━━━━━ DATA SUPPLIED

(* For every $\mathbf y\in\mathbb{R}^3$ and every integer $l\ge0$ there is a vector $Q^l(\mathbf y)=(Q^l_m(\mathbf y))_{m=-l}^{l}\in\mathbb{C}^{2l+1}$ of Euclidean norm $1$ such that, for every $\mathbf x\in\mathbb{R}^3$ with spherical coordinates $(R,\theta,\phi)$ and $R>r:=\|\mathbf y\|$, $$\log\|\mathbf x-\mathbf y\|=\log R-\sum_{n=1}^\infty\frac{a_n}{R^n}\sum_{l=0}^nL_{nl}\sqrt{\frac{4\pi}{2l+1}}\sum_{m=-l}^{l}Q^l_m(\mathbf y)\,Y_l^m(\theta,\phi),\qquad a_n=\frac{r^n}{n}.$$
   Context: Spherical coordinates $(R,\theta,\phi)$ are centered at the origin, with $\theta\in[0,\pi]$ the polar angle and $\phi\in[0,2\pi)$. The spherical harmonics are $Y_l^m(\theta,\phi)=\sqrt{\frac{2l+1}{4\pi}\frac{(l-|m|)!}{(l+|m|)!}}\,P_l^{|m|}(\cos\theta)e^{im\phi}$ for $l\ge0$, $-l\le m\le l$, where $P_n^m(x)=(-1)^m(1-x^2)^{m/2}\frac{d^m}{dx^m}P_n(x)$ and $P_n$ is the Legendre polynomial of degree $n$. With $\Lambda(z)=\frac{\Gamma(z+1/2)}{\Gamma(z+1)}$, the coefficients $L_{nl}$ ($0\le l\le n$) are $L_{nl}=1$ if $n=l=0$; $L_{nl}=\frac{\sqrt\pi}{2\Lambda(n)}$ if $n=l>0$; $L_{nl}=\frac{-n(l+1/2)}{(n+l+1)(n-l)}\Lambda\!\left(\frac{n-l-2}{2}\right)\Lambda\!\left(\frac{n+l-1}{2}\right)$ if $n>l$ and $n+l$ is even; $L_{nl}=0$ otherwise. (These are the coefficients of the Chebyshev polynomial $T_n$ in the Legendre basis: $T_n=\sum_{l=0}^nL_{nl}P_l$.) *)

theory Defs
  imports "HOL-Analysis.Analysis" "HOL-Computational_Algebra.Polynomial"
begin

definition legendre_poly :: "nat \<Rightarrow> real poly" where
  "legendre_poly n = smult (1 / (2 ^ n * fact n)) ((pderiv ^^ n) ([:-1, 0, 1:] ^ n))"

definition assoc_legendre :: "nat \<Rightarrow> nat \<Rightarrow> real \<Rightarrow> real" where
  "assoc_legendre n m x = (-1) ^ m * sqrt (1 - x\<^sup>2) ^ m * poly ((pderiv ^^ m) (legendre_poly n)) x"

definition sph_harm :: "nat \<Rightarrow> int \<Rightarrow> real \<Rightarrow> real \<Rightarrow> complex" where
  "sph_harm l m \<theta> \<phi> =
     complex_of_real (sqrt ((2 * real l + 1) / (4 * pi) * fact (l - nat \<bar>m\<bar>) / fact (l + nat \<bar>m\<bar>))
       * assoc_legendre l (nat \<bar>m\<bar>) (cos \<theta>)) * exp (\<i> * of_int m * of_real \<phi>)"

text \<open>Spherical coordinates of a point of R^3: polar angle in [0,pi], azimuth in [0,2pi).\<close>
definition sph_theta :: "real ^ 3 \<Rightarrow> real" where
  "sph_theta x = arccos (x $ 3 / norm x)"

definition sph_phi :: "real ^ 3 \<Rightarrow> real" where
  "sph_phi x = (let a = Arg (Complex (x $ 1) (x $ 2)) in if a < 0 then a + 2 * pi else a)"

definition Lam :: "real \<Rightarrow> real" where
  "Lam z = Gamma (z + 1/2) / Gamma (z + 1)"

definition Lcoef :: "nat \<Rightarrow> nat \<Rightarrow> real" where
  "Lcoef n l =
    (if n = 0 \<and> l = 0 then 1
     else if n = l then sqrt pi / (2 * Lam (real n))
     else if l < n \<and> even (n + l) then
       (- (real n * (real l + 1/2)) / ((real n + real l + 1) * (real n - real l)))
         * Lam ((real n - real l - 2) / 2) * Lam ((real n + real l - 1) / 2)
     else 0)"

end

theory Submission
  imports Defs
begin

(* With R = |x|, r = |y|, t = r/R and gamma the angle between x and y,
   log |x - y| = log R + 1/2 log (1 - 2 t cos gamma + t^2), and
   -1/2 log (1 - 2 t cos psi + t^2) = sum_n t^n cos (n psi) / n is the real part of -log (1 - t e^(i psi)).
   Next, cos (n gamma) = T_n (cos gamma) = sum_l L_nl P_l (cos gamma), which follows from the three-term
   recursions of T_n and P_l. Finally the addition theorem
   P_l (cos gamma) = 4 pi / (2l + 1) * sum_m Y_l^m (x) * cnj (Y_l^m (y)) exhibits
   Q^l_m (y) = sqrt (4 pi / (2l + 1)) * cnj (Y_l^m (y)), of norm 1 by the addition theorem at gamma = 0.
   The addition theorem is proved algebraically: with half angles s = sin (theta/2), c = cos (theta/2) the
   associated Legendre functions are the coefficients of the binary form (c X - s)^l (s X + c)^l, P_l (cos gamma)
   is the middle coefficient of a composite of two such linear substitutions, and multiplying out the
   composite gives the sum over m. *)

section \<open>Legendre polynomials\<close>

lemma coeff_linear_power:
  fixes a b :: "'a::comm_semiring_1"
  shows "coeff ([:b, a:] ^ n) k = of_nat (n choose k) * a ^ k * b ^ (n - k)"
proof (cases "k \<le> n")
  case True
  then show ?thesis by (simp add: coeff_linear_poly_power)
next
  case False
  have "degree ([:b, a:] ^ n) \<le> n"
    by (rule order.trans[OF degree_power_le]) simp
  with False show ?thesis by (simp add: coeff_eq_0 binomial_eq_0)
qed

lemma coeff_linear_powers_mult:
  fixes a b c d :: "'a::comm_semiring_1"
  shows "coeff ([:b, a:] ^ p * [:d, c:] ^ q) n =
    (\<Sum>i\<le>n. of_nat (p choose i) * a ^ i * b ^ (p - i) *
      (of_nat (q choose (n - i)) * c ^ (n - i) * d ^ (q - (n - i))))"
  by (simp add: coeff_mult coeff_linear_power)

lemma poly_higher_pderiv_eq_coeff_pcompose:
  fixes p :: "'a::{idom, semiring_char_0} poly"
  shows "poly ((pderiv ^^ N) p) y = fact N * coeff (p \<circ>\<^sub>p [:y, 1:]) N"
proof -
  have shift: "(pderiv ^^ n) (p \<circ>\<^sub>p [:y, 1:]) = ((pderiv ^^ n) p) \<circ>\<^sub>p [:y, 1:]" for n
    by (induction n) (simp_all add: pderiv_pcompose pderiv_pCons)
  have "poly ((pderiv ^^ N) p) y = poly (((pderiv ^^ N) p) \<circ>\<^sub>p [:y, 1:]) 0"
    by (simp add: poly_pcompose)
  also have "\<dots> = coeff ((pderiv ^^ N) (p \<circ>\<^sub>p [:y, 1:])) 0"
    by (simp add: shift poly_0_coeff_0)
  also have "\<dots> = fact N * coeff (p \<circ>\<^sub>p [:y, 1:]) N"
    by (simp add: coeff_higher_pderiv pochhammer_fact)
  finally show ?thesis .
qed

lemma poly_higher_pderiv_legendre_poly:
  "poly ((pderiv ^^ m) (legendre_poly l)) y =
     fact (m + l) / (2 ^ l * fact l) * coeff ([:y - 1, 1:] ^ l * [:y + 1, 1:] ^ l) (m + l)"
proof -
  have pcompose_power: "(q ^ n) \<circ>\<^sub>p r = (q \<circ>\<^sub>p r) ^ n" for q r :: "real poly" and n
    by (induction n) (simp_all add: pcompose_mult pcompose_1)
  have "[:-1, 0, 1:] \<circ>\<^sub>p [:y, 1:] = [:y - 1, 1:] * [:y + 1, 1:]"
    by (simp add: pcompose_pCons algebra_simps)
  then have "[:-1, 0, 1:] ^ l \<circ>\<^sub>p [:y, 1:] = [:y - 1, 1:] ^ l * [:y + 1, 1:] ^ l"
    by (simp only: pcompose_power power_mult_distrib)
  moreover have "(pderiv ^^ m) (legendre_poly l) =
      smult (1 / (2 ^ l * fact l)) ((pderiv ^^ (m + l)) ([:-1, 0, 1:] ^ l))"
    unfolding legendre_poly_def higher_pderiv_smult funpow_add by simp
  ultimately show ?thesis
    by (simp add: poly_higher_pderiv_eq_coeff_pcompose)
qed

lemma legendre_poly_0 [simp]: "legendre_poly 0 = 1"
  by (simp add: legendre_poly_def)

lemma legendre_poly_Suc_0 [simp]: "legendre_poly (Suc 0) = [:0, 1:]"
  by (simp add: legendre_poly_def pderiv_pCons)

lemma poly_legendre_poly_1 [simp]: "poly (legendre_poly l) 1 = 1"
proof -
  have "coeff ([:0, 1:] ^ l * [:2, 1:] ^ l) l = (\<Sum>i\<le>l. if i = l then (2::real) ^ l else 0)"
    unfolding coeff_linear_powers_mult by (intro sum.cong refl) (auto simp: power_0_left)
  then show ?thesis
    using poly_higher_pderiv_legendre_poly[of 0 l 1] by simp
qed

lemma higher_pderiv_monom_1_mult:
  fixes f :: "'a::idom poly"
  shows "(pderiv ^^ Suc n) ([:0, 1:] * f) =
    [:0, 1:] * (pderiv ^^ Suc n) f + smult (of_nat (Suc n)) ((pderiv ^^ n) f)"
proof (induction n)
  case 0
  then show ?case by (simp add: pderiv_mult pderiv_pCons)
next
  case (Suc n)
  have "(pderiv ^^ Suc (Suc n)) ([:0, 1:] * f) = pderiv ((pderiv ^^ Suc n) ([:0, 1:] * f))"
    by simp
  also have "\<dots> = [:0, 1:] * (pderiv ^^ Suc (Suc n)) f + smult (of_nat (Suc (Suc n))) ((pderiv ^^ Suc n) f)"
    by (simp only: Suc) (simp add: pderiv_add pderiv_smult pderiv_mult pderiv_pCons smult_add_left numeral_mult_conv_smult)
  finally show ?case .
qed

lemma pderiv_x2_minus_1_power_Suc:
  "pderiv ([:-1, 0, 1:] ^ Suc l) = smult (2 * of_nat (Suc l)) ([:0, 1:] * [:-1, 0, 1:] ^ l :: real poly)"
proof -
  have "pderiv [:-1, 0, 1::real:] = smult 2 [:0, 1:]"
    by (simp add: pderiv_pCons)
  then show ?thesis
    by (simp only: pderiv_power_Suc) (simp add: algebra_simps)
qed

lemma legendre_normalization_Suc:
  "1 / (2 ^ Suc l * fact (Suc l)) * (2 * of_nat (Suc l)) = (1 / (2 ^ l * fact l) :: real)"
  by (simp add: fact_Suc divide_simps)

lemma legendre_poly_Suc_rodrigues:
  "legendre_poly (Suc l) =
    smult (1 / (2 ^ l * fact l)) ((pderiv ^^ l) ([:0, 1:] * [:-1, 0, 1:] ^ l))"
proof -
  have "legendre_poly (Suc l) =
      smult (1 / (2 ^ Suc l * fact (Suc l))) ((pderiv ^^ l) (pderiv ([:-1, 0, 1:] ^ Suc l)))"
    by (simp only: legendre_poly_def funpow_Suc_right o_apply)
  also have "\<dots> = smult (1 / (2 ^ Suc l * fact (Suc l)) * (2 * of_nat (Suc l)))
      ((pderiv ^^ l) ([:0, 1:] * [:-1, 0, 1:] ^ l))"
    by (simp only: pderiv_x2_minus_1_power_Suc higher_pderiv_smult smult_smult)
  also note legendre_normalization_Suc
  finally show ?thesis .
qed

lemma pderiv_legendre_poly_Suc:
  "pderiv (legendre_poly (Suc l)) =
    [:0, 1:] * pderiv (legendre_poly l) + smult (of_nat (Suc l)) (legendre_poly l)"
proof -
  let ?u = "[:-1, 0, 1:] ^ l :: real poly" and ?c = "1 / (2 ^ l * fact l) :: real"
  have "pderiv (legendre_poly (Suc l)) = smult ?c ((pderiv ^^ Suc l) ([:0, 1:] * ?u))"
    by (simp only: legendre_poly_Suc_rodrigues pderiv_smult) simp
  also have "\<dots> = [:0, 1:] * smult ?c ((pderiv ^^ Suc l) ?u) + smult (of_nat (Suc l)) (smult ?c ((pderiv ^^ l) ?u))"
    by (simp only: higher_pderiv_monom_1_mult smult_add_right mult_smult_right smult_smult mult.commute)
  also have "\<dots> = [:0, 1:] * pderiv (legendre_poly l) + smult (of_nat (Suc l)) (legendre_poly l)"
    by (simp add: legendre_poly_def pderiv_smult)
  finally show ?thesis .
qed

━━━━━━━━━━

ACTION ITEM – All that is needed is the number of lines in the listing holding the word "Lcoef".

RESPONSE AREA – 2